Using Solr from command line

The primary method of communicating with Solr is using HTTP. A HTTP capable command line client like curl is useful for this.

Querying: Queries should be sent as



http://localhost:8983/solr/<core name>/select/?q=<query>

for multicore installation

Inserting or Updating documents in a single core installation: Solr update handler listens by default on the URL: http://localhost:8983/solr/update/ in a single core configuration.

To post an XML file with documents, use command line

curl http://localhost:8983/solr/update/?commit=true –F "myfile=@updates.xml"

Inserting or Updating documents in a multi core installation: Each core’s update handler listens by default on the URL: http://localhost:8983/solr/<core name>/update/


Updating with content extraction: Content extracting handler listens on the URL http://localhost:8983/solr/update/extract/ or http://localhost:8983/solr/<core name>/update/extract. Use the command line

curl "http://localhost:8983/solr/update/extract?" -F "myfile=@book.pdf"

where adds a regular field called "id" to the new document created by extracting handler.

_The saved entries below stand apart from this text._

lemma has_real_derivative_two_point_power_sum:
  assumes "0 < \<rho>" "0 < q"
  shows "((\<lambda>h. two_point_power_sum p q (1 - r * h) (\<rho> + h)) has_real_derivative
    q * (2 powr (q / p - 1) * \<rho> powr (q - 1) - r)) (at 0)"
proof -
  have "((\<lambda>h. 1 - r * h) has_real_derivative 0 - r * 1) (at 0)"
    by (intro derivative_intros DERIV_cmult DERIV_ident)
  from DERIV_fun_powr[OF this, of q]
  have "((\<lambda>h. (1 - r * h) powr q) has_real_derivative q * (1 - r * 0) powr (q - 1) * (0 - r * 1)) (at 0)"
    by simp
  moreover have "((\<lambda>h. \<rho> + h) has_real_derivative 0 + 1) (at 0)"
    by (intro derivative_intros)
  from DERIV_fun_powr[OF this, of q]
  have "((\<lambda>h. (\<rho> + h) powr q) has_real_derivative q * (\<rho> + 0) powr (q - 1) * (0 + 1)) (at 0)"
    using assms by simp
  ultimately have "((\<lambda>h. (1 - r * h) powr q + (\<rho> + h) powr q * 2 powr (q / p - 1)) has_real_derivative
      q * (1 - r * 0) powr (q - 1) * (0 - r * 1) + q * (\<rho> + 0) powr (q - 1) * (0 + 1) * 2 powr (q / p - 1)) (at 0)"
    by (intro DERIV_add DERIV_cmult_right)
  then show ?thesis
    by (simp add: two_point_power_sum_def algebra_simps)
qed
(* Consider the decentralized problem and the SPDS algorithm described in the context, with positive integers $T_k,c_k$, positive reals $\beta_k,p_k,q_k^t,\eta_k^t$ and nonnegative reals $\lambda_k,\tau_k,\alpha_k^t$. Suppose: (i) for every $k\ge2$: $\beta_k\tau_k\le\beta_{k-1}(\tau_{k-1}+1)$, $\beta_{k-1}=\beta_k\lambda_k$, $2\tilde L\lambda_k\le p_{k-1}\tau_k$, $\beta_kT_{k-1}\alpha_k^1=\beta_{k-1}T_k$, $\alpha_k^1\|\mathcal A\|^2\le\eta_{k-1}^{T_{k-1}}q_k^1$, $\beta_kT_{k-1}q_k^1\le\beta_{k-1}T_kq_{k-1}^{T_{k-1}}$, $\beta_kT_{k-1}(\eta_k^1+p_kT_k)\le\beta_{k-1}T_k(\mu+\eta_{k-1}^{T_{k-1}}+p_{k-1})$; (ii) for every $k\ge1$, $t\ge2$: $\alpha_k^t=1$, $\|\mathcal A\|^2\le\eta_k^{t-1}q_k^t$, $q_k^t\le q_k^{t-1}$, $\eta_k^t\le\mu+\eta_k^{t-1}+p_k$; (iii) $\tau_1=0$, $p_N(\tau_N+1)\ge2\tilde L$, $\eta_N^{T_N}q_N^{T_N}\ge\|\mathcal A\|^2$. Then $$\mathbb E[f(\overline x_N)-f(x^* )]\le\Big(\sum_{k=1}^N\beta_k\Big)^{-1}\Big[\frac{\beta_1}{2}\Big(\frac{\eta_1^1}{T_1}+p_1\Big)\|x_0-x^*\|_2^2+\sum_{k=1}^N\frac{\beta_k\sigma^2}{p_kc_k}\Big],$$ $$\mathbb E[\|\mathcal A\overline x_N\|_2]\le\Big(\sum_{k=1}^N\beta_k\Big)^{-1}\Big[\frac{\beta_1q_1^1}{2T_1}(\|z^*\|_2+1)^2+\frac{\beta_1}{2}\Big(\frac{\eta_1^1}{T_1}+p_1\Big)\|x_0-x^*\|_2^2+\sum_{k=1}^N\frac{\beta_k\sigma^2}{p_kc_k}\Big].$$
   Context: Setting (Euclidean). $G=(\mathcal N,\mathcal E)$ is a connected undirected graph on $\{1,\dots,m\}$; $X^{(i)}\subseteq\mathbb R^d$ closed convex; $\mathcal X=X^{(1)}\times\cdots\times X^{(m)}\subseteq\mathbb R^{md}$; all norms are Euclidean $\|\cdot\|_2$. $f=\tilde f+\mu\nu$ with $\tilde f(x)=\sum_i\tilde f_i(x^{(i)})$, $\nu(x)=\sum_i\nu_i(x^{(i)})$, $\mu\ge0$, each $\tilde f_i$ convex differentiable with $\nabla\tilde f_i$ $\tilde L$-Lipschitz w.r.t. $\|\cdot\|_2$, each $\nu_i$ $1$-strongly convex w.r.t. $\|\cdot\|_2$. $\mathcal A$ is $\mathcal L\otimes I_d$ ($\mathcal L$ the graph Laplacian) or $\mathcal B^\top\otimes I_d$ ($\mathcal B$ an oriented incidence matrix); $\|\mathcal A\|$ its spectral norm. A saddle point $(x^*,z^* )$ of $\min_{x\in\mathcal X}\max_zf(x)+\langle\mathcal Ax,z\rangle$ is assumed to exist. SPDS algorithm: choose $x_0,\underline x_0\in\mathcal X$, $\hat x_0=x_{-1}=x_0$, $z_0=0$. For $k=1,\dots,N$: $\tilde x_k=x_{k-1}+\lambda_k(\hat x_{k-1}-x_{k-2})$; $\underline x_k=(\tilde x_k+\tau_k\underline x_{k-1})/(1+\tau_k)$; $y_k=\nabla\tilde f(\underline x_k)$; a random vector $v_k$ is obtained (e.g. mini-batch of $c_k$ stochastic gradients per agent) with $\mathbb E[v_k\mid\text{past}]=y_k$ and $\mathbb E[\|v_k-y_k\|_2^2\mid\text{past}]\le\sigma^2/c_k$, where "past" is all randomness before iteration $k$; $x_k^0=x_{k-1}$, $z_k^0=z_{k-1}$, $x_k^{-1}=x_{k-1}^{T_{k-1}-1}$ ($x_1^{-1}=x_0$); for $t=1,\dots,T_k$: $\tilde u_k^t=x_k^{t-1}+\alpha_k^t(x_k^{t-1}-x_k^{t-2})$, $z_k^t=z_k^{t-1}+\mathcal A\tilde u_k^t/q_k^t$, $x_k^t=\arg\min_{x\in\mathcal X}\mu\nu(x)+\langle v_k+\mathcal A^\top z_k^t,x\rangle+\frac{\eta_k^t}{2}\|x_k^{t-1}-x\|_2^2+\frac{p_k}{2}\|x_{k-1}-x\|_2^2$; $x_k=x_k^{T_k}$, $z_k=z_k^{T_k}$, $\hat x_k=\frac1{T_k}\sum_tx_k^t$. Output $\overline x_N=(\sum_k\beta_k)^{-1}\sum_k\beta_k\hat x_k$. *)

theory Defs
  imports "HOL-Probability.Probability"
begin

The query parameters that Solr accepts are documented in Solr wiki.


Boolean operators in search queries

All Lucene queries are valid in Solr too. However, solr does provide some additional conveniences.

A default boolean operator can specified using a <solrQueryParser defaultOperator=”AND|OR”/> element in schema.xml.

Each query can also override boolean behaviour using the q.op=AND|OR query param. However, remember that the schema default or q.op affect not just the query terms, but also the facet filter queries.

For example, selecting 2 facet values for the same facet field will now imply that both should be satisfied. This is because internally, a filter query is just a part of the query from Lucene point of view.

    To restrict boolean logic to just the query terms, use the following syntax:
  • All words should be found: Prefix a + in front of each word. example: +video +science (=>only documents that contain both “video” AND “science” are returned)
  • Any one word should be found: This is the default behaviour when queries contain words without any prefix.example: video science (=>any document which contains either “video” or “science” is returned)
  • Documents which don’t contain a word: Prefix a “–” in front of each word that should not be present, for a successful hit. example: video –science (=>any document which contains “video” but not “science” is returned).